Суворов недавно послал государю просьбу о разрешении идти ему в монастырь. Он был истомлен вынужденным бездействием ссылки, тоской и обидой на Павла, которому не мог помешать калечить на прусский образец любимое войско. «Каждый солдат мне дороже себя, – говорил, не скрываясь Суворов, – а у нас он подчинен ныне прихотям и тиранству. За солдата я кого угодно себе воздвигну врагом».
И воздвиг – самого императора.
– Покажет, он мне тихую обитель в сибирской тайге, – шептал Суворов, ожидая фельдъегеря.
Но вторично распахнулась дверь, и, улыбаясь восхищенно, Прохор возвестил:
– Обознался я. К нам генерал Толбухин приехали!
– Проси, проси… – И Суворов сам кинулся в прихожую.

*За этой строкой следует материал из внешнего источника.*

(* Let $F$ be a graph on $\binom{n}{k}$ vertices with $k=n/2$, and let $\mathcal{R}$ be a $k$-reconstruction family of $F$. Then $\overline{\mathcal{R}}=\{V(F)\setminus X:X\in\mathcal{R}\}$ is a $k$-reconstruction family of $F$.
   Context: For a graph $F$ on $\binom{n}{k}$ vertices and a family $\mathcal{R}$ of subsets of $V(F)$, let $S_{\mathcal{R}}(A)=\{X\in\mathcal{R}:A\in X\}$ for $A\in V(F)$. $\mathcal{R}$ is a $k$-reconstruction family of $F$ if (1) $|X|=\binom{n-1}{k-1}$ for all $X\in\mathcal{R}$; (2) $|S_{\mathcal{R}}(A)|=k$ for all $A\in V(F)$; (3) for every edge $AB$ of $F$, $|S_{\mathcal{R}}(A)\cap S_{\mathcal{R}}(B)|=k-1$. *)

theory Defs
  imports Main
begin

definition simple_graph :: "'a set \<Rightarrow> ('a \<Rightarrow> 'a \<Rightarrow> bool) \<Rightarrow> bool" where
  "simple_graph V E \<longleftrightarrow> finite V \<and>
     (\<forall>A B. E A B \<longrightarrow> A \<in> V \<and> B \<in> V \<and> A \<noteq> B \<and> E B A)"

definition S_fam :: "'a set set \<Rightarrow> 'a \<Rightarrow> 'a set set" where
  "S_fam R A = {X \<in> R. A \<in> X}"

definition k_reconstruction_family ::
  "nat \<Rightarrow> nat \<Rightarrow> 'a set \<Rightarrow> ('a \<Rightarrow> 'a \<Rightarrow> bool) \<Rightarrow> 'a set set \<Rightarrow> bool" where
  "k_reconstruction_family n k V E R \<longleftrightarrow>
     (\<forall>X\<in>R. X \<subseteq> V) \<and>
     (\<forall>X\<in>R. card X = (n - 1) choose (k - 1)) \<and>
     (\<forall>A\<in>V. card (S_fam R A) = k) \<and>
     (\<forall>A B. A \<in> V \<longrightarrow> B \<in> V \<longrightarrow> E A B \<longrightarrow> card (S_fam R A \<inter> S_fam R B) = k - 1)"

end

theory Submission
  imports Defs
begin

text \<open>Double counting the incidences between vertices and members of R gives
  |V| k = |R| binom(n-1,k-1); for n = 2k we have |V| = binom(2k,k) = 2 binom(2k-1,k-1),
  hence |R| = 2k. The members of the complementary family containing a vertex A are the
  complements of the members of R missing A, so there are 2k - k = k of them; likewise
  two adjacent vertices lie in 2k - (k + k - (k-1)) = k-1 common complements, and each
  complement has 2 binom(2k-1,k-1) - binom(2k-1,k-1) elements.\<close>

lemma central_binomial_eq_double:
  assumes "0 < k"
  shows "(2 * k) choose k = 2 * ((2 * k - 1) choose (k - 1))"
  using times_binomial_minus1_eq[OF assms, of "2 * k"] assms by simp

lemma finite_family_of_subsets:
  assumes "finite V" "\<forall>X\<in>R. X \<subseteq> V"
  shows "finite R"
  using assms by (meson Pow_iff finite_Pow_iff finite_subset subsetI)

lemma sum_card_S_fam:
  assumes "finite V" "\<forall>X\<in>R. X \<subseteq> V"
  shows "(\<Sum>A\<in>V. card (S_fam R A)) = (\<Sum>X\<in>R. card X)"
proof -
  have "finite R"
    using finite_family_of_subsets[OF assms] .
  have "(\<Sum>A\<in>V. card (S_fam R A)) = (\<Sum>A\<in>V. \<Sum>X\<in>R. if A \<in> X then 1 else 0)"
    using \<open>finite R\<close> by (simp add: S_fam_def sum.If_cases Int_def)
  also have "\<dots> = (\<Sum>X\<in>R. \<Sum>A\<in>V. if A \<in> X then 1 else 0)"
    by (rule sum.swap)
  also have "\<dots> = (\<Sum>X\<in>R. card X)"
  proof (rule sum.cong[OF refl])
    fix X assume "X \<in> R"
    then have "V \<inter> {A. A \<in> X} = X" using assms(2) by blast
    then show "(\<Sum>A\<in>V. if A \<in> X then 1 else 0) = card X"
      using assms(1) by (simp add: sum.If_cases)
  qed
  finally show ?thesis .
qed

lemma S_fam_complements_Int:
  assumes "\<forall>X\<in>R. X \<subseteq> V" "A \<in> V" "B \<in> V"
  shows "S_fam ((\<lambda>X. V - X) ` R) A \<inter> S_fam ((\<lambda>X. V - X) ` R) B
           = (\<lambda>X. V - X) ` (R - (S_fam R A \<union> S_fam R B))"
  using assms unfolding S_fam_def by auto

lemma card_S_fam_complements_Int:
  assumes "finite R" "\<forall>X\<in>R. X \<subseteq> V" "A \<in> V" "B \<in> V"
  shows "card (S_fam ((\<lambda>X. V - X) ` R) A \<inter> S_fam ((\<lambda>X. V - X) ` R) B)
           = card R - card (S_fam R A \<union> S_fam R B)"
proof -
  have "inj_on (\<lambda>X. V - X) R"
    using assms(2) by (intro inj_onI) blast
  then have "card ((\<lambda>X. V - X) ` (R - (S_fam R A \<union> S_fam R B)))
               = card (R - (S_fam R A \<union> S_fam R B))"
    by (meson Diff_subset card_image inj_on_subset)
  also have "\<dots> = card R - card (S_fam R A \<union> S_fam R B)"
    using assms(1) by (intro card_Diff_subset) (auto simp: S_fam_def)
  finally show ?thesis
    using S_fam_complements_Int[OF assms(2-4)] by simp
qed

lemma k_reconstruction_family_finite:
  assumes "k_reconstruction_family n k V E R" "finite V"
  shows "finite R"
  using assms finite_family_of_subsets unfolding k_reconstruction_family_def by blast

lemma k_reconstruction_family_double_count:
  assumes "k_reconstruction_family n k V E R" "finite V"
  shows "card V * k = card R * ((n - 1) choose (k - 1))"
  using sum_card_S_fam[OF assms(2), of R] assms(1)
  unfolding k_reconstruction_family_def by simp

lemma complements_k_reconstruction_family:
  assumes R: "k_reconstruction_family n k V E R" and "finite V"
    and card_R: "card R = 2 * k"
    and card_V: "card V = 2 * ((n - 1) choose (k - 1))"
  shows "k_reconstruction_family n k V E ((\<lambda>X. V - X) ` R)"
proof -
  let ?c = "(n - 1) choose (k - 1)"
  have sub: "\<forall>X\<in>R. X \<subseteq> V" and card_X: "\<forall>X\<in>R. card X = ?c"
    and card_S: "\<forall>A\<in>V. card (S_fam R A) = k"
    and card_edge: "\<forall>A B. A \<in> V \<longrightarrow> B \<in> V \<longrightarrow> E A B \<longrightarrow> card (S_fam R A \<inter> S_fam R B) = k - 1"
    using R unfolding k_reconstruction_family_def by auto
  have "finite R"
    using k_reconstruction_family_finite[OF R \<open>finite V\<close>] .
  have card_Un: "card (S_fam R A \<union> S_fam R B) + card (S_fam R A \<inter> S_fam R B) = k + k"
    if "A \<in> V" "B \<in> V" for A B
    using card_Un_Int[of "S_fam R A" "S_fam R B"] \<open>finite R\<close> card_S that
    by (simp add: S_fam_def)
  have "card (S_fam ((\<lambda>X. V - X) ` R) A) = k" if "A \<in> V" for A
    using card_S_fam_complements_Int[OF \<open>finite R\<close> sub that that] card_R card_S that by simp
  moreover have "card (S_fam ((\<lambda>X. V - X) ` R) A \<inter> S_fam ((\<lambda>X. V - X) ` R) B) = k - 1"
    if "A \<in> V" "B \<in> V" "E A B" for A B
    using card_S_fam_complements_Int[OF \<open>finite R\<close> sub that(1,2)] card_Un[OF that(1,2)]
      card_edge that card_R by simp
  moreover have "card (V - X) = ?c" if "X \<in> R" for X
    using card_Diff_subset[of X V] finite_subset[of X V] \<open>finite V\<close> sub card_X card_V that
    by simp
  ultimately show ?thesis
    unfolding k_reconstruction_family_def by blast
qed

theorem proposition12:
  fixes n k :: nat and V :: "'a set" and E :: "'a \<Rightarrow> 'a \<Rightarrow> bool" and R :: "'a set set"
  assumes "simple_graph V E"
    and "card V = n choose k"
    and "n = 2 * k"
    and "k_reconstruction_family n k V E R"
  shows "k_reconstruction_family n k V E ((\<lambda>X. V - X) ` R)"
proof -
  let ?c = "(n - 1) choose (k - 1)"
  have "finite V"
    using assms(1) by (simp add: simple_graph_def)
  have double_count: "card V * k = card R * ?c"
    using k_reconstruction_family_double_count[OF assms(4) \<open>finite V\<close>] .
  have "?c > 0"
    using assms(3) by simp
  show ?thesis
  proof (cases "k = 0")
    case True
    \<comment> \<open>here |V| = 1 while 2 binom(n-1,k-1) = 2, but R is empty\<close>
    then have "R = {}"
      using double_count \<open>?c > 0\<close> k_reconstruction_family_finite[OF assms(4) \<open>finite V\<close>] by simp
    then show ?thesis
      using assms(4) by simp
  next
    case False
    then have card_V: "card V = 2 * ?c"
      using assms(2,3) central_binomial_eq_double by simp
    then have "card R = 2 * k"
      using double_count \<open>?c > 0\<close> by simp
    then show ?thesis
      using complements_k_reconstruction_family[OF assms(4) \<open>finite V\<close> _ card_V] by simp
  qed
qed

end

Толбухин был одним из немногих приятных ему генералов, присылка его в Кончанское означала царскую милость. Не изгнание, а почет.
В передней обнялись. Сбрасывая на руки Прохору, теперь уже опьяневшему от счастья, обширную волчью шубу, которую не прошибают никакие морозы, сановитый Толбухин, уважительно поклонившись Суворову, произнес:
– С великой вас честью!
Войдя в горницу, он вручил большой пакет с царской печатью.
– Его императорского величества собственноручное вам письмо!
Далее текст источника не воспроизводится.